### WHAT THE TASK ASKS:
Determine how many lines in the records below include the word "empty" and output that number alone.
[[ INPUT MATERIAL open ]]
(* Let $n\ge1$ and $\alpha,\beta,u,v\in V_n$. If the Wang tile $(\alpha,\beta,u,v)$ (right $\alpha$, top $\beta$, left $u$, bottom $v$) belongs to $\mathcal T'_n$, then there exists a unique valid rectangular pattern with tiles in $\mathcal T'_n$ whose right, top, left and bottom labels are respectively $\tau_n(\alpha)$, $\tau_n(\beta)$, $\tau_n(u)$ and $\tau_n(v)$.
   Context: Write $\bar m=m+1$. $V_n=\{(v_0,v_1,v_2)\in\mathbb{Z}^3: 0\le v_0\le v_1\le 1,\ v_1\le v_2\le n+1\}$, elements written as words $v_0v_1v_2$. A Wang tile is $t=(a,b,c,d)$ with $\mathrm{RIGHT}(t)=a$, $\mathrm{TOP}(t)=b$, $\mathrm{LEFT}(t)=c$, $\mathrm{BOTTOM}(t)=d$; $\hat t=(b,a,d,c)$, $\hat S=\{\hat t:t\in S\}$. Define (as (right, top, left, bottom)): $W_n=\{(11(i+1),11(j+1),11i,11j):1\le i,j\le n\}$; $B'_n=\{(00(i+1),111,00i,11n):0\le i\le n\}$; $G_n=\{(01(i+1),111,00i,11(n+1)):0\le i\le n\}$; $Y_n=\{(01(i+1),112,01i,11(n+1)):1\le i\le n\}$; $A_n=\{(00(i+1),112,01i,11n):1\le i\le n\}$; $J'_n=\{((0,k,l),(0,r,s),(0,s,r+n),(0,l,k+n)):(k,l),(r,s)\in\{(0,0),(0,1),(1,1)\}\}$. $\mathcal T'_n=W_n\cup B'_n\cup G_n\cup Y_n\cup A_n\cup\hat B'_n\cup\hat G_n\cup\hat Y_n\cup\hat A_n\cup J'_n$. A rectangular pattern is valid if adjacent tiles agree on common edges; its bottom (top) labels are those of its bottom (top) row read left to right, its left (right) labels those of its left (right) column read bottom to top. $\tau_n:V_n\to V_n^*$ is $\tau_n(xyz)=(0,x-y+1,n)\cdot(11n)^{z-x-1}\cdot(11\bar n)^{n+1-z}$ if $x\ne z$, and $\tau_n(xyz)=(0,x-y+1,n+1)\cdot(11\bar n)^{n-z}$ if $x=z$. *)

theory Defs
  imports Main
begin

text \<open>Labels are integer triples v0 v1 v2 (the word v0v1v2).
  A Wang tile is (right, top, left, bottom).\<close>

type_synonym label = "int \<times> int \<times> int"
type_synonym tile = "label \<times> label \<times> label \<times> label"

definition V :: "nat \<Rightarrow> label set" where
  "V n = {(v0, v1, v2). 0 \<le> v0 \<and> v0 \<le> v1 \<and> v1 \<le> 1 \<and> v1 \<le> v2 \<and> v2 \<le> int n + 1}"

fun RIGHT :: "tile \<Rightarrow> label" where "RIGHT (a, b, c, d) = a"
fun TOP :: "tile \<Rightarrow> label" where "TOP (a, b, c, d) = b"
fun LEFT :: "tile \<Rightarrow> label" where "LEFT (a, b, c, d) = c"
fun BOTTOM :: "tile \<Rightarrow> label" where "BOTTOM (a, b, c, d) = d"
theorem converges_within_card_minus:
  assumes "simple_graph V E" and "\<forall>v\<in>V. m \<le> k v" and "m \<le> card V"
  shows "converges_within V E k (card V - m)"
proof (rule converges_within_if_stable[OF simple_graph_finite[OF assms(1)]], rule ccontr)
  let ?O = "off_before V E k" and ?n = "card V - m"
  have fin: "finite V" using simple_graph_finite[OF assms(1)] .
  assume changing: "?O (Suc (Suc ?n)) \<noteq> ?O (Suc ?n)"
  moreover have "?O (Suc ?n) \<subseteq> ?O (Suc (Suc ?n))"
    by (rule off_before_mono[OF fin]) simp
  ultimately obtain v where v: "v \<in> ?O (Suc (Suc ?n)) - ?O (Suc ?n)"
    by blast
  have "v \<in> V" using v off_before_subset[of V E k "Suc (Suc ?n)"] by blast
  have "v \<notin> ?O ?n"
    using v off_before_mono[OF fin, of ?n "Suc ?n" E k] by auto
  have "card ((V - {v}) \<inter> ?O ?n) + k v \<le> card (V - {v})"
  proof (rule active_threshold_le[OF fin])
    show "nbrs V E v \<subseteq> V - {v}"
      using assms(1) by (auto simp: nbrs_def simple_graph_def)
  qed (use v \<open>v \<in> V\<close> fin in auto)
  moreover have "(V - {v}) \<inter> ?O ?n = ?O ?n"
    using \<open>v \<notin> ?O ?n\<close> off_before_subset[of V E k ?n] by blast
  ultimately have "card (?O ?n) + k v \<le> card V - 1"
    using \<open>v \<in> V\<close> by simp
  moreover have "?n \<le> card (?O ?n)"
    using card_off_before_ge[OF fin off_before_changing[OF fin changing le_SucI[OF order.refl]]] .
  moreover have "0 < card V" using \<open>v \<in> V\<close> fin card_gt_0_iff by blast
  moreover have "m \<le> k v" using assms(2) \<open>v \<in> V\<close> by blast
  ultimately show False using assms(3) by linarith
qed

lemma active_nbrs_saturate:
  assumes "finite V" and "y \<in> V" and "y \<notin> off_before V E k (Suc n)"
    and "nbrs V E y \<subseteq> A" and "finite A" and "card (A - off_before V E k n) \<le> k y"
  shows "A - off_before V E k n \<subseteq> nbrs V E y"
proof -
  have "nbrs V E y - off_before V E k n \<subseteq> A - off_before V E k n"
    using assms(4) by blast
  moreover have "card (A - off_before V E k n) \<le> card (nbrs V E y - off_before V E k n)"
    using still_active[OF assms(1-3)] assms(6) by linarith
  ultimately show ?thesis
    using card_seteq[OF finite_Diff[OF assms(5)]] by blast
qed

lemma bipartite_finite: "bipartite V E V1 V2 \<Longrightarrow> finite V"
  unfolding bipartite_def using simple_graph_finite by blast

lemma bipartite_swap: "bipartite V E V1 V2 \<Longrightarrow> bipartite V E V2 V1"
  unfolding bipartite_def by blast

lemma bipartite_nbrs_subset:
  "bipartite V E V1 V2 \<Longrightarrow> v \<in> V1 \<Longrightarrow> nbrs V E v \<subseteq> V2"
  unfolding bipartite_def nbrs_def by blast

lemma bipartite_active_adjacent_to_removed:
  assumes bip: "bipartite V E V1 V2" and thr2: "\<forall>v\<in>V2. thr v = k2"
    and "w \<in> V1" and "w \<notin> off_before V E thr n"
    and "card (V1 - off_before V E thr n) \<le> k2"
  shows "V2 - off_before V E thr (Suc n) \<subseteq> nbrs V E w"
proof
  fix y assume y: "y \<in> V2 - off_before V E thr (Suc n)"
  have fin: "finite V" using bipartite_finite[OF bip] .
  have "y \<in> V" "finite V1" using y bip fin by (auto simp: bipartite_def)
  have "V1 - off_before V E thr n \<subseteq> nbrs V E y"
  proof (rule active_nbrs_saturate[OF fin \<open>y \<in> V\<close>])
    show "nbrs V E y \<subseteq> V1"
      using bipartite_nbrs_subset[OF bipartite_swap[OF bip]] y by blast
    show "card (V1 - off_before V E thr n) \<le> thr y"
      using assms(5) thr2 y by simp
  qed (use y \<open>finite V1\<close> in auto)
  then have "E y w" using assms(3,4) by (auto simp: nbrs_def)
  then show "y \<in> nbrs V E w"
    using bip \<open>y \<in> V\<close> by (auto simp: nbrs_def bipartite_def simple_graph_def)
qed
lemma Jobj_le_Jobj_add:
  assumes w: "w \<in> schedules N \<omega>" and \<omega>: "\<omega> > 0"
    and close: "\<And>i. i < N \<Longrightarrow> \<bar>c i - c' i\<bar> \<le> e"
  shows "Jobj N \<Delta> c w \<le> Jobj N \<Delta> c' w + e * (\<Sum>i<N. (\<Delta> i)\<^sup>2) / \<omega>"
proof -
  have w_ge: "\<And>i. i < N \<Longrightarrow> \<omega> \<le> w i" and "(\<Sum>i<N. w i) = 1"
    using w by (auto simp: schedules_def)
  then have "N > 0" by (cases N) auto
  then have e: "e \<ge> 0" using close[of 0] by linarith
  have "Jobj N \<Delta> c w \<le> (\<Sum>i<N. (c' i + e) * (\<Delta> i)\<^sup>2 / w i)"
    unfolding Jobj_def
  proof (rule sum_mono)
    fix i assume "i \<in> {..<N}"
    then have i: "i < N" by simp
    have "0 < w i" using w_ge[OF i] \<omega> by linarith
    moreover have "c i \<le> c' i + e" using close[OF i] by (auto simp: abs_le_iff)
    ultimately show "c i * (\<Delta> i)\<^sup>2 / w i \<le> (c' i + e) * (\<Delta> i)\<^sup>2 / w i"
      by (intro divide_right_mono mult_right_mono) auto
  qed
  also have "\<dots> = Jobj N \<Delta> c' w + e * (\<Sum>i<N. (\<Delta> i)\<^sup>2 / w i)"
    by (simp add: Jobj_def sum_distrib_left sum.distrib distrib_right add_divide_distrib)
  also have "\<dots> \<le> Jobj N \<Delta> c' w + e * ((\<Sum>i<N. (\<Delta> i)\<^sup>2) / \<omega>)"
  proof -
    have "(\<Sum>i<N. (\<Delta> i)\<^sup>2 / w i) \<le> (\<Sum>i<N. (\<Delta> i)\<^sup>2 / \<omega>)"
      using w_ge \<omega> by (intro sum_mono divide_left_mono) (auto intro!: mult_pos_pos intro: less_le_trans[OF \<omega>])
    then show ?thesis using e by (simp add: sum_divide_distrib mult_left_mono)
  qed
  finally show ?thesis by simp
qed

lemma Jobj_sched_le:
  assumes wh: "sched N \<Delta> b \<in> schedules N \<omega>" and w: "w \<in> schedules N \<omega>" and \<omega>: "\<omega> > 0"
    and close: "\<And>i. i < N \<Longrightarrow> \<bar>(b i)\<^sup>2 - c i\<bar> \<le> e"
  shows "Jobj N \<Delta> c (sched N \<Delta> b) \<le> Jobj N \<Delta> c w + 2 * (\<Sum>i<N. (\<Delta> i)\<^sup>2) / \<omega> * e"
proof -
  have w_pos: "\<And>i. i < N \<Longrightarrow> w i > 0" and "(\<Sum>i<N. w i) = 1"
    using w \<omega> by (auto simp: schedules_def intro: less_le_trans)
  have "Jobj N \<Delta> c (sched N \<Delta> b) \<le> Jobj N \<Delta> (\<lambda>i. (b i)\<^sup>2) (sched N \<Delta> b) + e * (\<Sum>i<N. (\<Delta> i)\<^sup>2) / \<omega>"
    using close by (intro Jobj_le_Jobj_add[OF wh \<omega>]) (simp add: abs_minus_commute)
  moreover have "Jobj N \<Delta> (\<lambda>i. (b i)\<^sup>2) (sched N \<Delta> b) \<le> Jobj N \<Delta> (\<lambda>i. (b i)\<^sup>2) w"
    unfolding Jobj_sched_eq by (rule sq_sum_le_Jobj) fact+
  moreover have "Jobj N \<Delta> (\<lambda>i. (b i)\<^sup>2) w \<le> Jobj N \<Delta> c w + e * (\<Sum>i<N. (\<Delta> i)\<^sup>2) / \<omega>"
    using close by (rule Jobj_le_Jobj_add[OF w \<omega>])
  ultimately have "Jobj N \<Delta> c (sched N \<Delta> b) \<le> Jobj N \<Delta> c w + 2 * (e * (\<Sum>i<N. (\<Delta> i)\<^sup>2) / \<omega>)"
    by linarith
  then show ?thesis by (simp add: mult_ac)
qed
(* Let $\mathcal{D}_R$ be the class of all finite reflexive digraphs and let $D\in\mathcal{D}_R$. The class $\mathrm{Av}(D)=\{E\in\mathcal{D}_R: D\not\preceq E\}$, with respect to the strong homomorphic image ordering $\preceq$, is well quasi-ordered if and only if $D$ is isomorphic to the complete digraph $\overrightarrow{K}_n$ for some $n\ge1$.
   Context: A digraph is a set $D$ with a binary relation $E(D)\subseteq D\times D$; reflexive means every loop $(x,x)$ is an edge. $\overrightarrow{K}_n$ is the digraph on $\{1,\dots,n\}$ with edge set $\{(i,j):1\le i,j\le n\}$. A homomorphism maps edges to edges; it is strong if additionally every edge of the target between vertices of the image is the image of an edge. Strong homomorphic image ordering: $A\preceq B$ iff there is a surjective strong homomorphism $B\to A$. Well quasi-ordered means no infinite strictly decreasing sequence and no infinite antichain; digraphs considered up to isomorphism. *)

theory Defs
  imports Main
begin

type_synonym 'a digraph = "'a set \<times> ('a \<times> 'a) set"

definition verts :: "'a digraph \<Rightarrow> 'a set" where "verts D = fst D"
definition arcs :: "'a digraph \<Rightarrow> ('a \<times> 'a) set" where "arcs D = snd D"
(* Let $G=(V,E)$ be a finite chordal graph. Then for every integer $r\ge 1$, \[ \sum_{\substack{I\in\mathscr{C}(G)\\ |I|\le 2r}} (-1)^{|I|-1} \;\le\; c(G), \] with equality whenever $r\ge |V|/2$.
   Context: A graph is chordal if it contains no cycle of length four or more as an induced subgraph. $\mathscr{C}(G)$ denotes the clique complex of $G$: the set of all non-empty subsets $I\subseteq V$ whose elements are pairwise adjacent in $G$. $c(G)$ denotes the number of connected components of $G$. *)

theory Defs
  imports Main
begin

definition simple_graph :: "'a set \<Rightarrow> ('a \<Rightarrow> 'a \<Rightarrow> bool) \<Rightarrow> bool" where
  "simple_graph V E \<longleftrightarrow> finite V \<and> (\<forall>x y. E x y \<longrightarrow> x \<in> V \<and> y \<in> V)
     \<and> (\<forall>x y. E x y \<longrightarrow> E y x) \<and> (\<forall>x. \<not> E x x)"

definition induced_cycle :: "'a set \<Rightarrow> ('a \<Rightarrow> 'a \<Rightarrow> bool) \<Rightarrow> 'a list \<Rightarrow> bool" where
  "induced_cycle V E vs \<longleftrightarrow> distinct vs \<and> set vs \<subseteq> V \<and>
     (\<forall>i < length vs. \<forall>j < length vs.
        E (vs ! i) (vs ! j) \<longleftrightarrow> (j = Suc i mod length vs \<or> i = Suc j mod length vs))"

definition chordal :: "'a set \<Rightarrow> ('a \<Rightarrow> 'a \<Rightarrow> bool) \<Rightarrow> bool" where
  "chordal V E \<longleftrightarrow> \<not> (\<exists>vs. length vs \<ge> 4 \<and> induced_cycle V E vs)"

definition clique_complex :: "'a set \<Rightarrow> ('a \<Rightarrow> 'a \<Rightarrow> bool) \<Rightarrow> 'a set set" where
  "clique_complex V E = {I. I \<noteq> {} \<and> I \<subseteq> V \<and> (\<forall>x\<in>I. \<forall>y\<in>I. x \<noteq> y \<longrightarrow> E x y)}"

definition num_components :: "'a set \<Rightarrow> ('a \<Rightarrow> 'a \<Rightarrow> bool) \<Rightarrow> nat" where
  "num_components V E =
     card (V // {(x, y). x \<in> V \<and> y \<in> V \<and> (\<lambda>a b. E a b \<and> a \<in> V \<and> b \<in> V)\<^sup>*\<^sup>* x y})"

end

theory Submission
  imports Defs
begin

text \<open>
  Write c(G) for the number of components and, for n \<ge> 1, write S_n(G) for the sum of
  (-1)^(|I|-1) over the non-empty cliques I with fewer than n vertices.

  The proof is by deleting a vertex v with neighbourhood N.  Cliques through v are v added
  to a clique of N, whence S_(n+1)(G) = S_(n+1)(G - v) + 1 - S_n(N).  For chordal G the
  components satisfy the same recurrence c(G) = c(G - v) + 1 - c(N): two neighbours of v
  connected in G - v are connected inside N, since a shortest walk between them outside N
  closes up through v to an induced cycle of length at least four.  Hence the defect
  D_n(G) = c(G) - S_n(G) obeys D_(n+1)(G) = D_(n+1)(G - v) - D_n(N), and induction on |V|
  gives the alternating sign (-1)^n D_n(G) \<le> 0, with D_n(G) = 0 when |V| < n.
\<close>

definition reach :: "'a set \<Rightarrow> ('a \<Rightarrow> 'a \<Rightarrow> bool) \<Rightarrow> 'a \<Rightarrow> 'a \<Rightarrow> bool" where
  "reach W E = (\<lambda>a b. E a b \<and> a \<in> W \<and> b \<in> W)\<^sup>*\<^sup>*"

lemma reach_refl [simp]: "reach W E x x"
  unfolding reach_def by simp

lemma reach_trans: "reach W E x y \<Longrightarrow> reach W E y z \<Longrightarrow> reach W E x z"
  unfolding reach_def by (rule rtranclp_trans)

lemma reach_edge: "E x y \<Longrightarrow> x \<in> W \<Longrightarrow> y \<in> W \<Longrightarrow> reach W E x y"
  unfolding reach_def by (rule r_into_rtranclp) simp

lemma reach_sym:
  assumes sym: "symp E" and "reach W E x y"
  shows "reach W E y x"
  using assms(2) unfolding reach_def
proof (induction rule: rtranclp_induct)
  case (step y z)
  then show ?case using sympD[OF sym] by (auto intro: converse_rtranclp_into_rtranclp)
qed simp

lemma reach_mono: "reach W E x y \<Longrightarrow> W \<subseteq> U \<Longrightarrow> reach U E x y"
  unfolding reach_def by (erule rtranclp_mono[THEN predicate2D, rotated]) auto

definition walk :: "'a set \<Rightarrow> ('a \<Rightarrow> 'a \<Rightarrow> bool) \<Rightarrow> 'a list \<Rightarrow> bool" where
  "walk W E xs \<longleftrightarrow> xs \<noteq> [] \<and> set xs \<subseteq> W \<and> successively E xs"

lemma reach_imp_walk:
  assumes "reach W E x y" "x \<in> W"
  shows "\<exists>xs. walk W E xs \<and> hd xs = x \<and> last xs = y"
  using assms(1) unfolding reach_def
proof (induction rule: rtranclp_induct)
  case base
  then show ?case using assms(2) by (intro exI[of _ "[x]"]) (simp add: walk_def)
next
  case (step y z)
  then obtain xs where "walk W E xs" "hd xs = x" "last xs = y" by blast
  then show ?case using step(2)
    by (intro exI[of _ "xs @ [z]"]) (auto simp: walk_def successively_append_iff)
qed

lemma walk_take: "walk W E xs \<Longrightarrow> walk W E (take (Suc k) xs)"
  unfolding walk_def
  using successively_append_iff[of E "take (Suc k) xs" "drop (Suc k) xs"]
  by (auto dest: in_set_takeD)

lemma walk_drop: "walk W E xs \<Longrightarrow> k < length xs \<Longrightarrow> walk W E (drop k xs)"
  unfolding walk_def
  using successively_append_iff[of E "take k xs" "drop k xs"]
  by (auto dest: in_set_dropD)

lemma walk_append:
  "walk W E xs \<Longrightarrow> walk W E ys \<Longrightarrow> E (last xs) (hd ys) \<Longrightarrow> walk W E (xs @ ys)"
  unfolding walk_def by (auto simp: successively_append_iff)

lemma walk_edge: "walk W E xs \<Longrightarrow> Suc k < length xs \<Longrightarrow> E (xs ! k) (xs ! Suc k)"
  unfolding walk_def by (simp add: successively_nth)

definition shortest_walk :: "'a set \<Rightarrow> ('a \<Rightarrow> 'a \<Rightarrow> bool) \<Rightarrow> 'a list \<Rightarrow> bool" where
  "shortest_walk W E xs \<longleftrightarrow> walk W E xs \<and>
     (\<forall>ys. walk W E ys \<and> hd ys = hd xs \<and> last ys = last xs \<longrightarrow> length xs \<le> length ys)"

text \<open>A shortest walk repeats no vertex: a repetition could be cut out.\<close>
lemma shortest_walk_distinct:
  assumes sw: "shortest_walk W E xs"
  shows "distinct xs"
proof (rule ccontr)
  assume "\<not> distinct xs"
  then obtain k l where kl: "k < l" "l < length xs" and eq: "xs ! k = xs ! l"
    by (metis distinct_conv_nth linorder_neqE_nat)
  have w: "walk W E xs" using sw unfolding shortest_walk_def by simp
  let ?ys = "take (Suc k) xs @ drop (Suc l) xs"
  have last_take: "last (take (Suc k) xs) = xs ! l"
    using kl eq by (subst last_conv_nth) auto
  have "walk W E ?ys \<and> last ?ys = last xs"
  proof (cases "Suc l < length xs")
    case True
    have "hd (drop (Suc l) xs) = xs ! Suc l" using True by (simp add: hd_drop_conv_nth)
    then show ?thesis
      using walk_append[OF walk_take[OF w] walk_drop[OF w True]] walk_edge[OF w True] last_take True
      by simp
  next
    case False
    then have "l = length xs - 1" using kl by simp
    moreover have "xs \<noteq> []" using kl by auto
    ultimately show ?thesis using walk_take[OF w] last_take False
      by (simp add: last_conv_nth)
  qed
  moreover have "hd ?ys = hd xs" using kl by (cases xs) auto
  moreover have "length ?ys < length xs" using kl by simp
  ultimately show False using sw unfolding shortest_walk_def by fastforce
qed

text \<open>A shortest walk has no chord: a chord would give a shortcut.\<close>
lemma shortest_walk_chordless:
  assumes sw: "shortest_walk W E xs" and kl: "Suc k < l" "l < length xs"
  shows "\<not> E (xs ! k) (xs ! l)"
proof
  assume e: "E (xs ! k) (xs ! l)"
  have w: "walk W E xs" using sw unfolding shortest_walk_def by simp
  let ?ys = "take (Suc k) xs @ drop l xs"
  have "last (take (Suc k) xs) = xs ! k" using kl by (subst last_conv_nth) auto
  moreover have "hd (drop l xs) = xs ! l" using kl by (simp add: hd_drop_conv_nth)
  ultimately have "walk W E ?ys"
    using walk_append[OF walk_take[OF w] walk_drop[OF w kl(2)]] e by simp
  moreover have "hd ?ys = hd xs" "last ?ys = last xs" using kl by (cases xs; simp)+
  moreover have "length ?ys < length xs" using kl by simp
  ultimately show False using sw unfolding shortest_walk_def by fastforce
qed

definition induced_path :: "('a \<Rightarrow> 'a \<Rightarrow> bool) \<Rightarrow> 'a list \<Rightarrow> bool" where
  "induced_path E xs \<longleftrightarrow> distinct xs \<and>
     (\<forall>k < length xs. \<forall>l < length xs. E (xs ! k) (xs ! l) \<longleftrightarrow> (l = Suc k \<or> k = Suc l))"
[[ INPUT MATERIAL closed ]]
### RESPONSE FOR THIS EXERCISE:
2